Letter to the editor: Will's characterization of Trump brilliant
One is hard-pressed to find a more brilliant characterization of the Trump phenomenon than George Will’s recent column “Trump is a sad specimen” (Jan. 19, TribLIVE). Will continues his Trump resistance, begun with his early take on 45 as “a bloviating ignoramus” when the “sad specimen” first emerged on the political scene.
The downside to all of this, however, is that it will have no effect on the Trump base, whom Will himself confesses “remains oblivious to his likely contempt for them as sheep who can be effortlessly gulled by preposterous fictions.” Some of his base recognize Trump for the fraud that he is, but rally to his banner because their bowl of economic porridge is full. They simply have sold their integrity for economic prosperity.

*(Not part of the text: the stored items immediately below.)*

(* For every $n\ge1$ and every unlabeled binary tree $T\in\mathrm{URL}_n$, there exists a bijection $\Omega$ from $\mathrm{RS}(T)$ to $\mathrm{And}^{II}(T)$.
   Context: A binary tree is a rooted tree in which every vertex has no child, a single left child, a single right child, or both. The map $\Psi$ sends a word $\pi$ of distinct integers to an increasing binary tree: $\Psi(\emptyset)=\emptyset$; otherwise write $\pi=\sigma\, i\,\tau$ with $i$ the least letter, and let $\Psi(\pi)$ have root $i$, left subtree $\Psi(\sigma)$, right subtree $\Psi(\tau)$. The shape of a labeled tree is its underlying unlabeled binary tree. $\mathrm{URL}_n$ is the set of unlabeled rooted binary trees with $n$ vertices in which no vertex has a left child but no right child. Andr\'e II permutations: the empty word and one-letter words are Andr\'e II; a word $\sigma$ of $n\ge2$ distinct integers, written $\sigma=\tau\,\min(\sigma)\,\tau'$, is Andr\'e II if $\tau,\tau'$ are Andr\'e II and the smallest letter of $\tau\tau'$ lies in $\tau'$. A permutation $\sigma$ of $[n]$ is simsun if $\sigma_n=n$ and for each $k\in[n]$ the subword formed by the letters $1,\dots,k$ has no index $i$ with $w_i>w_{i+1}>w_{i+2}$. $\mathrm{RS}(T)$ (resp. $\mathrm{And}^{II}(T)$) is the set of simsun (resp. Andr\'e II) permutations $\sigma$ of $[n]$ with $\mathrm{shape}(\Psi(\sigma))=T$. *)

theory Defs
  imports Main "HOL-Library.Tree"
begin

text \<open>Words of distinct integers are represented as lists of naturals (only permutations
of [n] and their factors occur). Labeled binary trees are HOL-Library trees;
unlabeled binary trees are trees of type unit tree (Leaf = empty tree).\<close>

definition left_part :: "nat list \<Rightarrow> nat list" where
  "left_part xs = takeWhile (\<lambda>x. x \<noteq> Min (set xs)) xs"

definition right_part :: "nat list \<Rightarrow> nat list" where
  "right_part xs = tl (dropWhile (\<lambda>x. x \<noteq> Min (set xs)) xs)"

lemma length_takeWhile_lt: "x \<in> set xs \<Longrightarrow> \<not> P x \<Longrightarrow> length (takeWhile P xs) < length xs"
  by (induction xs) auto

lemma length_left_part: "xs \<noteq> [] \<Longrightarrow> length (left_part xs) < length xs"
proof -
  assume "xs \<noteq> []"
  then have "Min (set xs) \<in> set xs" by simp
  then show ?thesis unfolding left_part_def
    by (intro length_takeWhile_lt) auto
qed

Lest honest Republicans fear that Will is a lone Republican voice crying in the wilderness, they might recall the late conservative psychiatrist Charles Krauthammer’s words published in 2016: ” I used to think Trump was an 11-year old, an undeveloped schoolyard bully. I was off by about 10 years. His needs are more primitive, an infantile hunger for approval and praise. … He lives in a cocoon of solipsism where the world outside himself has value only insofar as it sustains and inflates him.” The deflation is beginning.